Second, the disciplinary scope of the selected journals was intentionally limited due to practical constraints. This study included journals from technology & engineering and social sciences to represent contrasting fields, as well as interdisciplinary journals positioned in between. However, this limited representation may not fully generalize to broader STEM and non-STEM categories. Future research should expand disciplinary coverage to include a broader spectrum of fields, such as natural sciences, humanities, health sciences, and professional disciplines like medicine, law, or economics to strengthen the generalizability of the results.
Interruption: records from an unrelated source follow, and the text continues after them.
lemma compactin_Int_closedin_excess:
  assumes "closedin (subtopology X excess) D" and "A \<in> \<C>"
  shows "compactin X (A \<inter> D)"
proof -
  obtain Z where Z: "closedin X Z" "D = \<Union>\<C> \<inter> Z"
    using assms(1) by (rule closedin_excess_imp_Int_closedin)
  then have "A \<inter> D = A \<inter> Z"
    using assms(2) by blast
  then show ?thesis
    using compact_Int_closedin[OF member_compactin[OF assms(2)] Z(1)] by simp
qed

lemma openin_family_restrict_upper:
  assumes D: "closedin (subtopology X excess) D" and U: "openin X U"
  shows "openin (subtopology (vietoris X) \<C>) {A \<in> \<C>. A \<inter> D \<subseteq> U}"
proof -
  obtain Z where Z: "closedin X Z" "D = \<Union>\<C> \<inter> Z"
    using D by (rule closedin_excess_imp_Int_closedin)
  have "{A \<in> \<C>. A \<inter> D \<subseteq> U} = vietoris_upper X (U \<union> (topspace X - Z)) \<inter> \<C>"
    using family Union_subset_topspace Z(2) unfolding vietoris_upper_def by blast
  moreover have "openin X (U \<union> (topspace X - Z))"
    using U Z(1) by blast
  ultimately show ?thesis
    by (simp add: openin_subtopology_Int openin_vietoris_upper)
qed

lemma openin_family_restrict_lower:
  assumes D: "openin (subtopology X excess) D" and U: "openin X U"
  shows "openin (subtopology (vietoris X) \<C>) {A \<in> \<C>. A \<inter> D \<inter> U \<noteq> {}}"
proof (subst openin_subopen, intro ballI)
  fix A assume "A \<in> {A \<in> \<C>. A \<inter> D \<inter> U \<noteq> {}}"
  then obtain z where A: "A \<in> \<C>" and z: "z \<in> A" "z \<in> D" "z \<in> U"
    by blast
  show "\<exists>\<O>. openin (subtopology (vietoris X) \<C>) \<O> \<and> A \<in> \<O> \<and> \<O> \<subseteq> {A \<in> \<C>. A \<inter> D \<inter> U \<noteq> {}}"
  proof (cases "z \<in> K")
    case True
    then have "{A \<in> \<C>. A \<inter> D \<inter> U \<noteq> {}} = \<C>"
      using z bottom_subset by blast
    moreover have "openin (subtopology (vietoris X) \<C>) \<C>"
      by (metis openin_topspace topspace_family)
    ultimately show ?thesis
      using A by blast
  next
    case False
    obtain Q where Q: "openin X Q" "D = Q \<inter> excess"
      using D by (auto simp: openin_subtopology)
    define V where "V = U \<inter> Q - K"
    have "V \<inter> \<Union>\<C> \<subseteq> D \<inter> U"
      using Union_diff_bottom_subset_excess Q(2) unfolding V_def by blast
    then have "vietoris_lower X V \<inter> \<C> \<subseteq> {A \<in> \<C>. A \<inter> D \<inter> U \<noteq> {}}"
      unfolding vietoris_lower_def by blast
    moreover have "A \<in> vietoris_lower X V \<inter> \<C>"
      using A z False Q family unfolding V_def vietoris_lower_def by blast
    moreover have "openin X V"
      unfolding V_def using U Q closedin_bottom by blast
    then have "openin (subtopology (vietoris X) \<C>) (vietoris_lower X V \<inter> \<C>)"
      by (simp add: openin_subtopology_Int openin_vietoris_lower)
    ultimately show ?thesis
      by blast
  qed
qed

lemma openin_excess_subset: "openin (subtopology X excess) D \<Longrightarrow> D \<subseteq> excess"
  by (metis openin_subset le_inf_iff topspace_subtopology)

lemma clopen_excess_meets_bottom:
  assumes D: "openin (subtopology X excess) D" "closedin (subtopology X excess) D" "D \<noteq> {}"
  shows "D \<inter> K \<noteq> {}"
proof
  assume DK: "D \<inter> K = {}"
  define \<O> where "\<O> = {A \<in> \<C>. A \<inter> D \<subseteq> {}}"
  have open_\<O>: "openin (subtopology (vietoris X) \<C>) \<O>"
    unfolding \<O>_def by (rule openin_family_restrict_upper[OF D(2) openin_empty])
  have closed_\<O>: "closedin (subtopology (vietoris X) \<C>) \<O>"
    unfolding closedin_def topspace_family
  proof
    show "\<O> \<subseteq> \<C>"
      unfolding \<O>_def by blast
    have "\<C> - \<O> = {A \<in> \<C>. A \<inter> D \<inter> topspace X \<noteq> {}}"
      unfolding \<O>_def using Union_subset_topspace by blast
    then show "openin (subtopology (vietoris X) \<C>) (\<C> - \<O>)"
      using openin_family_restrict_lower[OF D(1) openin_topspace] by simp
  qed
  have "\<C> \<subseteq> \<O> \<or> disjnt \<C> \<O>"
    using connectedin_clopen_cases[OF connectedin_family closed_\<O> open_\<O>] .
  moreover have "K \<in> \<O>"
    using bottom DK unfolding \<O>_def by blast
  moreover obtain A where "A \<in> \<C>" "A \<inter> D \<noteq> {}"
    using D(3) openin_excess_subset[OF D(1)] excess_subset by blast
  ultimately show False
    unfolding \<O>_def disjnt_def by blast
qed

lemma open_excess_not_subset_bottom:
  assumes D: "openin (subtopology X excess) D" "D \<noteq> {}"
  shows "\<not> D \<subseteq> K"
proof
  assume "D \<subseteq> K"
  obtain Q where Q: "openin X Q" "D = Q \<inter> excess"
    using D(1) by (auto simp: openin_subtopology)
  have "Q \<inter> (\<Union>\<C> - K) \<subseteq> D"
    using Q(2) Union_diff_bottom_subset_excess by blast
  with \<open>D \<subseteq> K\<close> have "(Q \<inter> \<Union>\<C>) \<inter> (\<Union>\<C> - K) = {}"
    by blast
  then have "(Q \<inter> \<Union>\<C>) \<inter> excess = {}"
    unfolding excess_def using Q(1)
    by (simp add: openin_Int_closure_of_eq_empty openin_subtopology_Int)
  then show False
    using D(2) Q(2) excess_subset by blast
qed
Expanding the range of disciplines would not only improve representativeness but also support the development of a larger and more diverse dataset, enabling more robust and nuanced analyses across fields.

Finally, the analysis focused on a limited number of popular and publicly available AI detection tools. Considering the rapid evolution of AI detection technologies, future studies should incorporate additional detection tools, particularly those commonly used by higher education institutions (e.g., Turnitin) to enhance the real-world applicability and relevance of the findings.

Addressing these limitations in future work will further enrich our understanding of AI-generated and AI-assisted writing, highlight the inherent flaws and biases of AI text detection tools, and reinforce the need for alternative approaches that prioritize transparency, fairness, and ethical use of AI in scholarly publication.